Сначала про «Большевик» я услыхал в своих Зубревичах.
Тогда была самая жатва, и запыленные, со свежей соломой на хедерах комбайны торопливо и, на взгляд постороннего человека, суетливо ездили туда-сюда по улице. Помню, кто-то сказал:
— Вон Шведов тремя комбайнами все до зернышка убрал, а мы и такой силой никак не можем управиться.
И потом, в некоторых других, близких к колхозу деревнях, где приходилось мне быть, я только и слышал: «А Шведов...», «А у, Шведова...», «А, Шведову...» Даже районная газета удивлялась, что «Большевик» тремя комбайнами убирает за день больше, чем знаменитый и экономически сильный колхоз имени Кирова — всеми одиннадцатью.
Я начал следить по сводкам в районной газете, как «Большевик» сеет, косит, жнет, молотит... Сводки только радовали. Ей-богу, когда читал их, казалось, что в колхозе царит какой-то неожиданный, но очень радостный праздник каждого дня — праздник труда. Скажем, если другие хозяйства убрали картошку на каких-то тридцать процентов, то «Большевик» — уже на все сто; соседние колхозы только еще начинали возить тресту на льнозаводы, а «Большевик» успел уже всю сдать; на других фермах молока убавлялось, а в «Большевике» — хорошие плюсы по сравнению с этим же временем прошлого года.
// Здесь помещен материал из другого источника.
(* Let $p\in(1,\infty]$ and let $\theta_p$ be a real number with $0<\theta_p\le 1/2$ and $3((1-\theta_p)^p+2\theta_p^p)^{1/p}+(3\theta_p^p)^{1/p}<3$ (for $p=\infty$ the latter is read as $3\max(1-\theta_\infty,\theta_\infty)+\theta_\infty<3$). Define, for $p<\infty$: $\alpha_X=3^{1/p}\theta_p$, $\alpha_P=1$, $\beta_{in}=((1-\theta_p)^p+2\theta_p^p)^{1/p}$, $\beta_{out}=(1+3\theta_p^p)^{1/p}$, $\gamma_0=6^{1/p}\theta_p$, $\gamma_1=4^{1/p}\theta_p$, $\gamma_2=2^{1/p}\theta_p$, $\tau=2^{1/p}$; and for $p=\infty$: $\alpha_X=\gamma_0=\gamma_1=\gamma_2=\theta_\infty$, $\alpha_P=\beta_{out}=\tau=1$, $\beta_{in}=1-\theta_\infty$. Then the tuple $(\alpha_X,\alpha_P,\beta_{in},\beta_{out},\gamma_0,\gamma_1,\gamma_2,\tau)$ is Steiner embeddable.
   Context: These are the $\ell_p$-distances in the point configuration with terminals $\mathbf{0}$ and the standard basis vectors $\mathbf{e}_i$, and facilities $\theta_p(\mathbf{e}_i+\mathbf{e}_j+\mathbf{e}_k)$. A tuple $(\alpha_X,\alpha_P,\beta_{in},\beta_{out},\gamma_0,\gamma_1,\gamma_2,\tau)$ of positive reals is metric compatible if: $\alpha_X\le\min(\alpha_P+\beta_{in},\alpha_P+\beta_{out})$; $\alpha_P\le\min(\alpha_X+\beta_{in},\alpha_X+\beta_{out})$; $\beta_{in}\le\min(\alpha_X+\alpha_P,\beta_{out}+\tau,\gamma_i+\beta_{out}: i\in\{0,1,2\})$; $\beta_{out}\le\min(\alpha_X+\alpha_P,\beta_{in}+\tau,\gamma_i+\beta_{in}: i\in\{0,1,2\})$; $\gamma_i\le\min(2\alpha_X,\gamma_j+\gamma_k,2\beta_{in},2\beta_{out})$ for all $i,j,k\in\{0,1,2\}$; $\tau\le\min(2\alpha_P,2\beta_{in},2\beta_{out})$. It is Steiner embeddable if it is metric compatible and: (P1) $\alpha_X\le 3\gamma_2/2,\alpha_P,\beta_{in},\beta_{out},\gamma_0,\gamma_1,\tau$; (P2) $\alpha_P\le\beta_{out}$; (P3) $\beta_{in}+\alpha_X/3<\min(\alpha_P,\tau)$; (P4) $\min(\alpha_P,\tau)\le\beta_{in}+\gamma_2$. *)

theory Defs
  imports "HOL-Analysis.Analysis" "HOL-Library.Extended_Real"
begin

definition metric_compatible ::
  "real \<Rightarrow> real \<Rightarrow> real \<Rightarrow> real \<Rightarrow> real \<Rightarrow> real \<Rightarrow> real \<Rightarrow> real \<Rightarrow> bool" where
  "metric_compatible aX aP bin bout g0 g1 g2 tau \<longleftrightarrow>
     (let g = (\<lambda>i::nat. if i = 0 then g0 else if i = 1 then g1 else g2) in
     aX > 0 \<and> aP > 0 \<and> bin > 0 \<and> bout > 0 \<and> g0 > 0 \<and> g1 > 0 \<and> g2 > 0 \<and> tau > 0 \<and>
     aX \<le> min (aP + bin) (aP + bout) \<and>
     aP \<le> min (aX + bin) (aX + bout) \<and>
     bin \<le> aX + aP \<and> bin \<le> bout + tau \<and> (\<forall>i\<in>{0,1,2}. bin \<le> g i + bout) \<and>
     bout \<le> aX + aP \<and> bout \<le> bin + tau \<and> (\<forall>i\<in>{0,1,2}. bout \<le> g i + bin) \<and>
     (\<forall>i j k. {i, j, k} = {0,1,2::nat} \<longrightarrow>
        g i \<le> 2 * aX \<and> g i \<le> g j + g k \<and> g i \<le> 2 * bin \<and> g i \<le> 2 * bout) \<and>
     tau \<le> 2 * aP \<and> tau \<le> 2 * bin \<and> tau \<le> 2 * bout)"

definition steiner_embeddable ::
  "real \<Rightarrow> real \<Rightarrow> real \<Rightarrow> real \<Rightarrow> real \<Rightarrow> real \<Rightarrow> real \<Rightarrow> real \<Rightarrow> bool" where
  "steiner_embeddable aX aP bin bout g0 g1 g2 tau \<longleftrightarrow>
     metric_compatible aX aP bin bout g0 g1 g2 tau \<and>
     \<comment> \<open>P1\<close>
     aX \<le> 3 * g2 / 2 \<and> aX \<le> aP \<and> aX \<le> bin \<and> aX \<le> bout \<and> aX \<le> g0 \<and> aX \<le> g1 \<and> aX \<le> tau \<and>
     \<comment> \<open>P2\<close>
     aP \<le> bout \<and>
     \<comment> \<open>P3\<close>
     bin + aX / 3 < min aP tau \<and>
     \<comment> \<open>P4\<close>
     min aP tau \<le> bin + g2"

end

theory Submission
  imports Defs
begin

(* For finite p every entry of the tuple is the l_p norm of an explicit vector: with t = theta,
   alpha_X = |(t,t,t)|, beta_in = |(1-t,t,t)|, beta_out = |(1,t,t,t)|, gamma_0, gamma_1, gamma_2 the
   norms of 6, 4, 2 copies of t, and tau = |(1,1)|. The triangle-type conditions are then
   Minkowski's inequality for suitable splittings of these vectors, the comparisons among the
   entries follow from coordinatewise monotonicity of the norm, and the strict inequality (P3) is
   the hypothesis on theta, since tau = 2^(1/p) > 1. For p = infinity all conditions are linear
   inequalities in theta. *)


definition lp_norm :: "real \<Rightarrow> real list \<Rightarrow> real" where
  "lp_norm q xs = (\<Sum>x\<leftarrow>xs. \<bar>x\<bar> powr q) powr (1/q)"

lemma convex_on_powr_nonneg:
  fixes q :: real
  assumes q: "1 \<le> q"
  shows "convex_on {0..} (\<lambda>x. x powr q)"
proof (rule convex_onI)
  have scale: "(u * z) powr q \<le> u * z powr q" if "0 \<le> u" "u \<le> 1" "0 \<le> z" for u z :: real
  proof -
    have "u powr q \<le> u powr 1" using that q by (intro powr_mono') auto
    then show ?thesis using that by (simp add: powr_mult mult_right_mono)
  qed
  fix u x y :: real
  assume u: "0 < u" "u < 1" and xy: "x \<in> {0..}" "y \<in> {0..}"
  consider "x = 0" | "y = 0" | "0 < x" "0 < y" using xy by force
  then show "((1 - u) *\<^sub>R x + u *\<^sub>R y) powr q \<le> (1 - u) * x powr q + u * y powr q"
  proof cases
    case 1
    then show ?thesis using scale[of u y] u xy by simp
  next
    case 2
    then show ?thesis using scale[of "1 - u" x] u xy by simp
  next
    case 3
    then show ?thesis using convex_onD[OF powr_convex[OF q], of u x y] u by simp
  qed
qed (rule convex_real_interval)

lemma minkowski_sum_powr:
  fixes x y :: "'i \<Rightarrow> real"
  assumes I: "finite I" and q: "1 \<le> q"
    and nonneg: "\<And>i. i \<in> I \<Longrightarrow> 0 \<le> x i" "\<And>i. i \<in> I \<Longrightarrow> 0 \<le> y i"
  shows "(\<Sum>i\<in>I. (x i + y i) powr q) powr (1/q)
    \<le> (\<Sum>i\<in>I. x i powr q) powr (1/q) + (\<Sum>i\<in>I. y i powr q) powr (1/q)"
proof -
  define A where "A = (\<Sum>i\<in>I. x i powr q) powr (1/q)"
  define B where "B = (\<Sum>i\<in>I. y i powr q) powr (1/q)"
  have A_powr: "A powr q = (\<Sum>i\<in>I. x i powr q)" and B_powr: "B powr q = (\<Sum>i\<in>I. y i powr q)"
    using q by (simp_all add: A_def B_def powr_powr sum_nonneg)
  have vanish: "z i = 0" if "(\<Sum>i\<in>I. z i powr q) = 0" "i \<in> I" for z i
    using that I by (simp add: sum_nonneg_eq_0_iff)
  consider "A = 0" | "B = 0" | "0 < A" "0 < B" by (force simp: A_def B_def)
  then show ?thesis
  proof cases
    case 1
    then have "\<forall>i\<in>I. x i = 0" using A_powr vanish by simp
    then show ?thesis using 1 by (simp add: B_def[symmetric] A_def[symmetric])
  next
    case 2
    then have "\<forall>i\<in>I. y i = 0" using B_powr vanish by simp
    then show ?thesis using 2 by (simp add: A_def[symmetric] B_def[symmetric])
  next
    case 3
    \<comment> \<open>convexity of \<open>x powr q\<close> for the weights \<open>A / (A + B)\<close> and \<open>B / (A + B)\<close>\<close>
    have "((x i + y i) / (A + B)) powr q
        \<le> A / (A + B) * (x i / A) powr q + B / (A + B) * (y i / B) powr q" if "i \<in> I" for i
    proof -
      have "1 - B / (A + B) = A / (A + B)"
        using 3 by (simp add: field_simps)
      moreover have "A / (A + B) * (x i / A) + B / (A + B) * (y i / B) = (x i + y i) / (A + B)"
        using 3 by (simp add: add_divide_distrib)
      ultimately show ?thesis
        using convex_onD[OF convex_on_powr_nonneg[OF q], of "B / (A + B)" "x i / A" "y i / B"]
          3 nonneg that by simp
    qed
    then have "(\<Sum>i\<in>I. ((x i + y i) / (A + B)) powr q)
        \<le> A / (A + B) * (\<Sum>i\<in>I. (x i / A) powr q) + B / (A + B) * (\<Sum>i\<in>I. (y i / B) powr q)"
      by (force simp: sum_distrib_left sum.distrib[symmetric] intro: sum_mono)
    also have "\<dots> = 1"
      using 3 nonneg by (simp add: powr_divide sum_divide_distrib[symmetric] A_powr[symmetric]
          B_powr[symmetric] add_divide_distrib[symmetric])
    finally have "(\<Sum>i\<in>I. (x i + y i) powr q) \<le> (A + B) powr q"
      using 3 nonneg by (simp add: powr_divide sum_divide_distrib[symmetric])
    then have "(\<Sum>i\<in>I. (x i + y i) powr q) powr (1/q) \<le> ((A + B) powr q) powr (1/q)"
      using q by (intro powr_mono2) (auto intro: sum_nonneg)
    also have "\<dots> = A + B" using 3 q by (simp add: powr_powr)
    finally show ?thesis by (simp add: A_def B_def)
  qed
qed

lemma lp_norm_triangle_ineq:
  assumes q: "1 \<le> q" and len: "length xs = length ys"
  shows "lp_norm q (map2 (+) xs ys) \<le> lp_norm q xs + lp_norm q ys"
proof -
  let ?I = "{..<length xs}"
  have "lp_norm q (map2 (+) xs ys) = (\<Sum>i\<in>?I. \<bar>xs ! i + ys ! i\<bar> powr q) powr (1/q)"
    using len by (simp add: lp_norm_def sum_list_sum_nth atLeast0LessThan)
  also have "\<dots> \<le> (\<Sum>i\<in>?I. (\<bar>xs ! i\<bar> + \<bar>ys ! i\<bar>) powr q) powr (1/q)"
    using q by (intro powr_mono2 sum_mono sum_nonneg) (auto simp: abs_triangle_ineq)
  also have "\<dots> \<le> lp_norm q xs + lp_norm q ys"
    using minkowski_sum_powr[OF _ q, of ?I "\<lambda>i. \<bar>xs ! i\<bar>" "\<lambda>i. \<bar>ys ! i\<bar>"] len
    by (simp add: lp_norm_def sum_list_sum_nth atLeast0LessThan)
  finally show ?thesis .
qed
Все «Большевику» удавалось, все «Большевик» успевал делать.
Потому я и поехал именно туда. Тем более что Геннадия Михайловича Шведова, молодого председателя колхоза, я хорошо знал.
До этого он работал зоотехником в нашем колхозе «Волна революции». Еще раньше мы с Геннадием учились вместе в школе, а после уроков носили из Дубровок, из сельсовета, почту, он в свое Понизовье, я — в свои Зубревичи.
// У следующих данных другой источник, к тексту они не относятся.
text \<open>H is the type 'h, a unital ring with a k-vector-space structure sc making
  multiplication bilinear (a unital associative k-algebra). The comultiplication is given by
  a function choosing for each h a Sweedler representative of Delta(h).\<close>

definition weak_hopf ::
  "('k::field \<Rightarrow> 'h::ring_1 \<Rightarrow> 'h) \<Rightarrow> ('h \<Rightarrow> ('h \<times> 'h) list) \<Rightarrow> ('h \<Rightarrow> 'k) \<Rightarrow> ('h \<Rightarrow> 'h) \<Rightarrow> bool" where
  "weak_hopf sc \<Delta> \<epsilon> S \<longleftrightarrow>
     \<comment> \<open>algebra\<close>
     vector_space sc
   \<and> (\<forall>c a b. sc c (a * b) = sc c a * b \<and> sc c (a * b) = a * sc c b)
     \<comment> \<open>coalgebra (Delta, epsilon linear; coassociative; counital)\<close>
   \<and> (\<forall>a b. teq2 sc (\<Delta> (a + b)) (\<Delta> a @ \<Delta> b))
   \<and> (\<forall>c a. teq2 sc (\<Delta> (sc c a)) (map (\<lambda>(x,y). (sc c x, y)) (\<Delta> a)))
   \<and> Vector_Spaces.linear sc (*) \<epsilon>
   \<and> (\<forall>h. teq3 sc (cop2L \<Delta> h) (cop2R \<Delta> h))
   \<and> (\<forall>h. sum_list (map (\<lambda>(x,y). sc (\<epsilon> x) y) (\<Delta> h)) = h)
   \<and> (\<forall>h. sum_list (map (\<lambda>(x,y). sc (\<epsilon> y) x) (\<Delta> h)) = h)
     \<comment> \<open>antipode is linear\<close>
   \<and> Vector_Spaces.linear sc sc S
     \<comment> \<open>Delta(kh) = Delta(k) Delta(h)\<close>
   \<and> (\<forall>k h. teq2 sc (\<Delta> (k * h)) (tmul2 (\<Delta> k) (\<Delta> h)))
     \<comment> \<open>weak multiplicativity of the counit\<close>
   \<and> (\<forall>k h g. sum_list (map (\<lambda>(x,y). \<epsilon> (k * x) * \<epsilon> (y * g)) (\<Delta> h)) = \<epsilon> (k * h * g)
            \<and> \<epsilon> (k * h * g) = sum_list (map (\<lambda>(x,y). \<epsilon> (k * y) * \<epsilon> (x * g)) (\<Delta> h)))
     \<comment> \<open>weak comultiplicativity of the unit\<close>
   \<and> teq3 sc (tmul3 (map (\<lambda>(x,y). (1,x,y)) (\<Delta> 1)) (map (\<lambda>(x,y). (x,y,1)) (\<Delta> 1))) (cop2L \<Delta> 1)
   \<and> teq3 sc (cop2L \<Delta> 1) (tmul3 (map (\<lambda>(x,y). (x,y,1)) (\<Delta> 1)) (map (\<lambda>(x,y). (1,x,y)) (\<Delta> 1)))
     \<comment> \<open>antipode axioms\<close>
   \<and> (\<forall>h. sum_list (map (\<lambda>(x,y). x * S y) (\<Delta> h))
          = sum_list (map (\<lambda>(x,y). sc (\<epsilon> (x * h)) y) (\<Delta> 1)))
   \<and> (\<forall>h. sum_list (map (\<lambda>(x,y). S x * y) (\<Delta> h))
          = sum_list (map (\<lambda>(x,y). sc (\<epsilon> (h * y)) x) (\<Delta> 1)))
   \<and> (\<forall>h. S h = sum_list (map (\<lambda>(a,b,c). S a * b * S c) (cop2L \<Delta> h)))"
Потому, видимо, председатель «Большевика» не обидится на меня, если буду называть его не Геннадием Михайловичем, как обращаются теперь к Шведову и в колхозе и в районе, а так, как говорил ему в то время, когда, нагруженные письмами и газетами, мы столько лет топали вместе одну дорогу из сельсовета...
ГЛАВА ПЕРВАЯ
В Витебскую область зима придет значительно раньше.
Из метеопрогнозов
Послушай, Геннадий, мне кажется, что обычно это бывает так.
Сначала ветер — такой упругий, что его даже можно, чувствуешь, взять в горсть, и такой неожиданно сухой и непривычный после долгих, нудных осенних дождей — отрясет последние листья с мокрых деревьев, которые и так стоят уже голыми будто привидения, повыдует холодную воду из луж, подсушит разбитую, разъезженную дорогу. Потом бодрый морозец, которым очень уж першисто дышится — он продирает легкие, как крепкий дедов самосад,— подморозит поле, где красиво зеленеют озимые, улицу, по которой идя в резиновых сапогах (не успел переобуться
во что-нибудь более теплое), ощущаешь каждую неровность схваченной морозом земли.
И потом уже подходит то тихое время, когда воздух становится звонким, ядреным: звякнет кто-нибудь ведром у колодца — и этот звон долго не затихает на улице, проникает чуть ли не в каждый двор. Скажет кто-либо «доброе утро» в одном конце улицы, а в другом женщины отодвигают на окнах занавески, чтобы посмотреть, кто это встал раньше их.
Тогда становишься будто сам не свой, ходишь задумчивый, с каким-то странным чувством, которому трудно, да, видно, и не стоит, искать, объяснения. Ходишь и все чего-то ждешь. Без надобности выйдешь во двор, поглядишь на небо, походишь по улице и снова возвращаешься в теплую хату. Но в хате тогда, понятно, не сидится.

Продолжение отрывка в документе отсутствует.